Say you want to build an ML service to extract crypto market signals from financial news.
The output of such service can be piped into a predictive ML model, together with other predictive features, like real time market prices for all currencies, to come up with the best price prediction possible.
This is, by the way, what we will do in the next cohort of Building a Real-Time ML System.
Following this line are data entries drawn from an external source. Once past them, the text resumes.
(* For every $n\geq 2$, $\deg(\chi:\{0,1\}^n\to\{0,1\}^n)=3/2$.
   Context: For finite sets $X,Y$ and $f:X\to Y$, $\deg(f)=\frac{1}{|X|}\sum_{y\in Y}|f^{-1}(y)|^2$. Identify $w=w_1\cdots w_n\in\{0,1\}^n$ with a configuration of chips on a path with vertices $1,\dots,n$ (vertex $i$ holds $w_i$ chips); this is the unwrapping of a cycle with $n+1$ vertices, where the extra vertex is a sink adjacent to both vertex $1$ (the source) and vertex $n$. Firing: whenever a vertex holds at least $2$ chips, it sends one chip to each of its two neighbors in the cycle; chips sent to the sink disappear (so an endpoint vertex of the path sends one chip to its path neighbor and loses one chip). Firings are repeated until every vertex holds $0$ or $1$ chip (the final configuration does not depend on the order of firings). Define $\chi(w)$ to be the stable configuration obtained by adding one chip to vertex $1$ of the configuration $w$ and then firing until stable. For example, with $n=3$, $\chi(110)=101$. *)

theory Defs
  imports Complex_Main
begin

definition deg :: "'a set \<Rightarrow> 'b set \<Rightarrow> ('a \<Rightarrow> 'b) \<Rightarrow> real" where
  "deg X Y f = (\<Sum>y\<in>Y. (real (card {x\<in>X. f x = y}))^2) / real (card X)"

(* binary words of length n, w = w_1 ... w_n stored as list; index i (0-based) = vertex i+1 *)
definition words :: "nat \<Rightarrow> nat list set" where
  "words n = {w. length w = n \<and> set w \<subseteq> {0,1}}"

(* firing vertex i (0-based) of the path: lose 2 chips, one to each neighbour in the
   cycle; chips sent to the sink (beyond either end of the path) disappear *)
definition fire :: "nat list \<Rightarrow> nat \<Rightarrow> nat list" where
  "fire c i = (let n = length c;
                   c1 = c[i := c!i - 2];
                   c2 = (if 0 < i then c1[i - 1 := c1!(i - 1) + 1] else c1)
               in if i + 1 < n then c2[i + 1 := c2!(i + 1) + 1] else c2)"

definition fire_step :: "(nat list \<times> nat list) set" where
  "fire_step = {(c, d). \<exists>i < length c. 2 \<le> c!i \<and> d = fire c i}"

definition stable :: "nat list \<Rightarrow> bool" where
  "stable c \<longleftrightarrow> (\<forall>i < length c. c!i \<le> 1)"

definition add_source :: "nat list \<Rightarrow> nat list" where
  "add_source w = (case w of [] \<Rightarrow> [] | a # v \<Rightarrow> Suc a # v)"

(* chi w: the stable configuration obtained by adding a chip at vertex 1 and firing
   until stable (the result is independent of the firing order) *)
definition chi :: "nat list \<Rightarrow> nat list" where
  "chi w = (THE s. (add_source w, s) \<in> fire_step\<^sup>* \<and> stable s)"

end

theory Submission
  imports Defs
begin

(* Adding a chip to 0v just gives 1v. Adding it to 1v creates a single vertex with two chips;
   firing it leaves a 0, returns a chip to the left neighbour and moves the surplus one step to
   the right, so the surplus runs through the initial block of 1s of v until it meets a 0 (or
   leaves through the sink). Hence chi (1v) is v with a 1 inserted after its first 0, or with a 0
   appended if v has no 0. Both branches v |-> chi (0v) and v |-> chi (1v) are injective and
   their images meet exactly in the 2^(n-2) values chi (11u), so the squared fibre sizes sum to
   2^n + 2 * 2^(n-2) = (3/2) 2^n. *)

lemma card_fibre_inj_on:
  assumes "inj_on f A"
  shows "card {x \<in> A. f x = y} = of_bool (y \<in> f ` A)"
proof (cases "y \<in> f ` A")
  case True
  then obtain a where "a \<in> A" "y = f a" by blast
  with assms have "{x \<in> A. f x = y} = {a}" by (auto dest: inj_onD)
  with True show ?thesis by simp
next
  case False
  then show ?thesis by (auto simp: card_eq_0_iff)
qed

lemma sum_card_fibres_squared_inj_on_Un:
  assumes "finite A" "finite B" "finite Y" "f ` (A \<union> B) \<subseteq> Y"
    and "A \<inter> B = {}" "inj_on f A" "inj_on f B"
  shows "(\<Sum>y\<in>Y. card {x \<in> A \<union> B. f x = y} ^ 2) = card A + card B + 2 * card (f ` A \<inter> f ` B)"
proof -
  have "card {x \<in> A \<union> B. f x = y} = card {x \<in> A. f x = y} + card {x \<in> B. f x = y}" for y
    using assms(1,2,5) by (subst card_Un_disjoint[symmetric]) (auto intro: arg_cong[where f = card])
  then have "card {x \<in> A \<union> B. f x = y} ^ 2
      = of_bool (y \<in> f ` A) + of_bool (y \<in> f ` B) + 2 * of_bool (y \<in> f ` A \<inter> f ` B)" for y
    using assms(6,7) by (simp add: card_fibre_inj_on power2_eq_square)
  then have "(\<Sum>y\<in>Y. card {x \<in> A \<union> B. f x = y} ^ 2)
      = (\<Sum>y\<in>Y. of_bool (y \<in> f ` A)) + (\<Sum>y\<in>Y. of_bool (y \<in> f ` B))
        + 2 * (\<Sum>y\<in>Y. of_bool (y \<in> f ` A \<inter> f ` B))"
    by (simp only: sum.distrib sum_distrib_left)
  moreover have "(\<Sum>y\<in>Y. of_bool (y \<in> S)) = card S" if "S \<subseteq> Y" for S
    using assms(3) that by (simp add: Int_absorb1)
  ultimately have "(\<Sum>y\<in>Y. card {x \<in> A \<union> B. f x = y} ^ 2)
      = card (f ` A) + card (f ` B) + 2 * card (f ` A \<inter> f ` B)"
    using assms(4) by (simp only: image_Un Un_subset_iff le_infI1)
  also have "\<dots> = card A + card B + 2 * card (f ` A \<inter> f ` B)"
    using assms(6,7) by (simp add: card_image)
  finally show ?thesis .
qed

lemma stable_iff_set: "stable c \<longleftrightarrow> (\<forall>x\<in>set c. x \<le> 1)"
  unfolding stable_def by (auto simp: all_set_conv_all_nth)

lemma stable_simps [simp]:
  "stable []"
  "stable (a # c) \<longleftrightarrow> a \<le> 1 \<and> stable c"
  "stable (c @ d) \<longleftrightarrow> stable c \<and> stable d"
  by (auto simp: stable_iff_set)

lemma stable_no_fire_step: "stable c \<Longrightarrow> (c, d) \<notin> fire_step"
  unfolding stable_def fire_step_def by force

definition stabilizes_to :: "nat list \<Rightarrow> nat list \<Rightarrow> bool" where
  "stabilizes_to c s \<longleftrightarrow> (c, s) \<in> fire_step\<^sup>* \<and> stable s"

lemma stabilizes_to_stable: "stable c \<Longrightarrow> stabilizes_to c s \<longleftrightarrow> s = c"
  unfolding stabilizes_to_def by (auto elim: converse_rtranclE dest: stable_no_fire_step)

lemma stabilizes_to_forced_step:
  assumes "\<And>d'. (c, d') \<in> fire_step \<longleftrightarrow> d' = d"
  shows "stabilizes_to c s \<longleftrightarrow> stabilizes_to d s"
proof
  assume "stabilizes_to c s"
  then have "(c, s) \<in> fire_step\<^sup>*" "stable s"
    unfolding stabilizes_to_def by auto
  moreover have "\<not> stable c"
    using assms stable_no_fire_step by blast
  ultimately have "c \<noteq> s"
    by blast
  with \<open>(c, s) \<in> fire_step\<^sup>*\<close> obtain d' where "(c, d') \<in> fire_step" "(d', s) \<in> fire_step\<^sup>*"
    by (blast elim: converse_rtranclE)
  moreover from this(1) have "d' = d"
    using assms by blast
  ultimately show "stabilizes_to d s"
    unfolding stabilizes_to_def using \<open>stable s\<close> by simp
next
  assume "stabilizes_to d s"
  moreover have "(c, d) \<in> fire_step"
    using assms by blast
  ultimately show "stabilizes_to c s"
    unfolding stabilizes_to_def by (blast intro: converse_rtrancl_into_rtrancl)
qed

definition incr_last :: "nat list \<Rightarrow> nat list" where
  "incr_last p = (if p = [] then [] else butlast p @ [Suc (last p)])"

lemma incr_last_snoc [simp]: "incr_last (q @ [a]) = q @ [Suc a]"
  by (simp add: incr_last_def)

lemma stable_incr_last: "stable p \<Longrightarrow> p = [] \<or> last p = 0 \<Longrightarrow> stable (incr_last p)"
  by (cases p rule: rev_exhaust) (auto simp: incr_last_def)

lemma fire_at_length: "fire (p @ 2 # t) (length p) = incr_last p @ 0 # add_source t"
proof (cases p rule: rev_exhaust)
  case Nil
  then show ?thesis by (cases t) (auto simp: fire_def incr_last_def add_source_def Let_def)
next
  case (snoc q a)
  then show ?thesis
    by (cases t) (auto simp: fire_def incr_last_def add_source_def Let_def list_update_append nth_append)
qed

lemma fire_step_single_hot:
  assumes "stable p" "stable t"
  shows "(p @ 2 # t, d) \<in> fire_step \<longleftrightarrow> d = incr_last p @ 0 # add_source t"
proof -
  have "i = length p" if "i < length (p @ 2 # t)" "2 \<le> (p @ 2 # t) ! i" for i
  proof (rule linorder_cases)
    assume "i < length p"
    then show ?thesis using that assms by (auto simp: stable_def nth_append)
  next
    assume "i > length p"
    then obtain k where "i = Suc (length p + k)" by (metis less_iff_Suc_add)
    then show ?thesis using that assms by (auto simp: stable_def nth_append)
  qed
  then show ?thesis
    unfolding fire_step_def using fire_at_length[of p t] by (auto intro!: exI[of _ "length p"])
qed

fun chi_one :: "nat list \<Rightarrow> nat list" where
  "chi_one [] = [0]"
| "chi_one (a # t) = (if a = 0 then 0 # 1 # t else 1 # chi_one t)"

(* The vertex left of the two chips is empty (or is the sink), so the chip fired back to it
   keeps the prefix stable; this invariant is the hypothesis on p. *)
lemma stabilizes_to_single_hot:
  assumes "stable p" "stable t" "p = [] \<or> last p = 0"
  shows "stabilizes_to (p @ 2 # t) s \<longleftrightarrow> s = incr_last p @ chi_one t"
  using assms
proof (induction t arbitrary: p)
  case Nil
  then have "stabilizes_to (p @ [2]) s \<longleftrightarrow> stabilizes_to (incr_last p @ [0]) s"
    by (intro stabilizes_to_forced_step) (simp add: fire_step_single_hot add_source_def)
  also have "\<dots> \<longleftrightarrow> s = incr_last p @ [0]"
    using Nil by (simp add: stabilizes_to_stable stable_incr_last)
  finally show ?case by simp
next
  case (Cons a t)
  then have step: "stabilizes_to (p @ 2 # a # t) s \<longleftrightarrow> stabilizes_to (incr_last p @ 0 # Suc a # t) s"
    by (intro stabilizes_to_forced_step) (simp add: fire_step_single_hot add_source_def)
  have "stable (incr_last p)"
    using Cons.prems by (simp add: stable_incr_last)
  consider "a = 0" | "a = 1"
    using Cons.prems by fastforce
  then show ?case
  proof cases
    case 1
    with step show ?thesis
      using Cons.prems \<open>stable (incr_last p)\<close> by (simp add: stabilizes_to_stable)
  next
    case 2
    have "stabilizes_to ((incr_last p @ [0]) @ 2 # t) s
        \<longleftrightarrow> s = incr_last (incr_last p @ [0]) @ chi_one t"
      using Cons \<open>stable (incr_last p)\<close> by (intro Cons.IH) simp_all
    with step 2 show ?thesis by (simp add: numeral_2_eq_2)
  qed
qed

lemma chi_eqI: "(\<And>s. stabilizes_to (add_source w) s \<longleftrightarrow> s = r) \<Longrightarrow> chi w = r"
  by (simp add: chi_def stabilizes_to_def)

lemma chi_Cons_0: "stable v \<Longrightarrow> chi (0 # v) = 1 # v"
  by (rule chi_eqI) (simp add: add_source_def stabilizes_to_stable)

lemma chi_Cons_1: "stable v \<Longrightarrow> chi (1 # v) = chi_one v"
  using stabilizes_to_single_hot[of "[]" v]
  by (intro chi_eqI) (simp add: add_source_def incr_last_def numeral_2_eq_2)

lemma words_0: "words 0 = {[]}"
  by (auto simp: words_def)

lemma words_Suc: "words (Suc m) = Cons 0 ` words m \<union> Cons 1 ` words m"
  by (auto simp: words_def length_Suc_conv)

lemma finite_words: "finite (words m)"
  by (induction m) (simp_all add: words_0 words_Suc)

lemma card_words: "card (words m) = 2 ^ m"
proof (induction m)
  case (Suc m)
  have "card (words (Suc m)) = card (Cons 0 ` words m) + card (Cons 1 ` words m)"
    unfolding words_Suc by (rule card_Un_disjoint) (auto simp: finite_words)
  with Suc show ?case by (simp add: card_image)
qed (simp add: words_0)

lemma stable_if_words: "w \<in> words m \<Longrightarrow> stable w"
  by (auto simp: words_def stable_iff_set)

lemma chi_one_words: "v \<in> words m \<Longrightarrow> chi_one v \<in> words (Suc m)"
  by (induction v arbitrary: m) (auto simp: words_def length_Suc_conv)

lemma inj_on_chi_one: "inj_on chi_one {v. stable v}"
proof -
  have "chi_one v = chi_one v' \<Longrightarrow> v = v'" if "stable v" "stable v'" for v v'
    using that
  proof (induction v arbitrary: v')
    case Nil
    then show ?case by (cases v') (auto split: if_splits)
  next
    case (Cons a v)
    then show ?case by (cases v') (auto split: if_splits)
  qed
  then show ?thesis by (auto intro: inj_onI)
qed

lemma inj_on_chi_one_words: "inj_on chi_one (words m)"
  using inj_on_chi_one by (rule inj_on_subset) (auto dest: stable_if_words)

lemma words_Cons_1_Int_chi_one:
  "Cons 1 ` words (Suc k) \<inter> chi_one ` words (Suc k) = Cons 1 ` chi_one ` words k"
proof (intro equalityI subsetI)
  fix y
  assume "y \<in> Cons 1 ` words (Suc k) \<inter> chi_one ` words (Suc k)"
  then obtain v w where "y = chi_one v" "y = 1 # w" "v \<in> words (Suc k)"
    by blast
  moreover from this(3) obtain a t where "v = a # t" "a \<in> {0, 1}" "t \<in> words k"
    unfolding words_Suc by blast
  ultimately show "y \<in> Cons 1 ` chi_one ` words k"
    by (auto split: if_splits)
next
  fix y
  assume "y \<in> Cons 1 ` chi_one ` words k"
  then obtain t where "y = 1 # chi_one t" "t \<in> words k"
    by blast
  moreover have "chi_one t \<in> words (Suc k)" "1 # t \<in> words (Suc k)"
    using \<open>t \<in> words k\<close> chi_one_words words_Suc by auto
  ultimately show "y \<in> Cons 1 ` words (Suc k) \<inter> chi_one ` words (Suc k)"
    by (metis IntI chi_one.simps(2) image_eqI one_neq_zero)
qed

lemma chi_words_Suc:
  assumes "w \<in> words (Suc m)"
  shows "chi w \<in> words (Suc m)"
proof -
  obtain a v where "w = a # v" "a = 0 \<or> a = 1" "v \<in> words m"
    using assms unfolding words_Suc by blast
  then show ?thesis
    using chi_Cons_0 chi_Cons_1 stable_if_words chi_one_words words_Suc by (metis UnI2 imageI)
qed

lemma sum_card_fibres_chi_squared:
  "(\<Sum>y\<in>words (Suc (Suc k)). card {x \<in> words (Suc (Suc k)). chi x = y} ^ 2) = 3 * 2 ^ Suc k"
proof -
  let ?W = "words (Suc k)"
  have chi_Cons_0_on: "(chi \<circ> Cons 0) v = 1 # v" if "v \<in> ?W" for v
    using that by (simp add: chi_Cons_0 stable_if_words)
  \<comment> \<open>not by simp: it rewrites 1 to Suc 0 before chi_Cons_1 can match\<close>
  have chi_Cons_1_on: "(chi \<circ> Cons 1) v = chi_one v" if "v \<in> ?W" for v
    using that chi_Cons_1 stable_if_words by (metis comp_apply)
  have chi_0: "chi ` Cons 0 ` ?W = Cons 1 ` ?W"
    unfolding image_comp by (rule image_cong [OF refl chi_Cons_0_on])
  have chi_1: "chi ` Cons 1 ` ?W = chi_one ` ?W"
    unfolding image_comp by (rule image_cong [OF refl chi_Cons_1_on])
  have "inj_on (chi \<circ> Cons 0) ?W \<longleftrightarrow> inj_on (Cons 1) ?W"
    by (rule inj_on_cong) (rule chi_Cons_0_on)
  then have inj_0: "inj_on chi (Cons 0 ` ?W)"
    by (intro inj_on_imageI) simp
  have "inj_on (chi \<circ> Cons 1) ?W \<longleftrightarrow> inj_on chi_one ?W"
    by (rule inj_on_cong) (rule chi_Cons_1_on)
  then have inj_1: "inj_on chi (Cons 1 ` ?W)"
    by (intro inj_on_imageI) (simp only: inj_on_chi_one_words)
  have into: "chi ` (Cons 0 ` ?W \<union> Cons 1 ` ?W) \<subseteq> Cons 0 ` ?W \<union> Cons 1 ` ?W"
    using chi_words_Suc [of _ "Suc k"] unfolding words_Suc [of "Suc k"] by blast
  have "(\<Sum>y\<in>words (Suc (Suc k)). card {x \<in> words (Suc (Suc k)). chi x = y} ^ 2)
      = card (Cons 0 ` ?W) + card (Cons 1 ` ?W) + 2 * card (chi ` Cons 0 ` ?W \<inter> chi ` Cons 1 ` ?W)"
    unfolding words_Suc [of "Suc k"]
    by (rule sum_card_fibres_squared_inj_on_Un [OF _ _ _ into _ inj_0 inj_1]) (auto simp: finite_words)
  also have "\<dots> = 3 * 2 ^ Suc k"
    unfolding chi_0 chi_1 words_Cons_1_Int_chi_one
    by (simp add: card_image card_words inj_on_chi_one_words)
  finally show ?thesis .
qed

theorem mainTheorem13:
  fixes n :: nat
  assumes "n \<ge> 2"
  shows "deg (words n) (words n) chi = 3 / 2"
proof -
  obtain k where n: "n = Suc (Suc k)"
    using assms by (metis add_2_eq_Suc le_Suc_ex)
  have "deg (words n) (words n) chi = real (3 * 2 ^ Suc k) / real (2 ^ n)"
    unfolding deg_def card_words n sum_card_fibres_chi_squared [symmetric] by simp
  also have "\<dots> = 3 / 2"
    by (simp add: n)
  finally show ?thesis .
qed

end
Together.
Let me show you how to solve this real world problem, using LLMs and a bit of prompt engineering.
The problem
We want to build a Python microservice that
given a news headline
news = "FED to increase interest rates"
outputs a market signal and the reasoning behind this score.
{
"signal": "bearish",
"reasoning": "The news about FED increasing interest rates is typically bearish for crypto markets for several reasons:\n1. Higher interest rates make borrowing more expensive, reducing liquidity in the market\n2. Higher rates make traditional yield-bearing investments more attractive compared to crypto\n3. Risk assets like cryptocurrencies tend to perform poorly in high interest rate environments\n4. Historically, crypto prices have shown negative correlation with interest rate hikes"
}
The signal is a categorical with 3 possible values
bullish (positive market impact)
neutral (neutral/unclear impact), or
bearish (negative market impact)
Transforming raw input into a structured output is something LLMs excel at, so it makes sense we give them a try here.
Let me show you how to implement this in Python, using a powerful LLM and a bit of prompt engineering.
You can find all the source code in this repo.
👉 Github repo
The solution 🧠
We want our model to ingest raw textual data, and output a structured response.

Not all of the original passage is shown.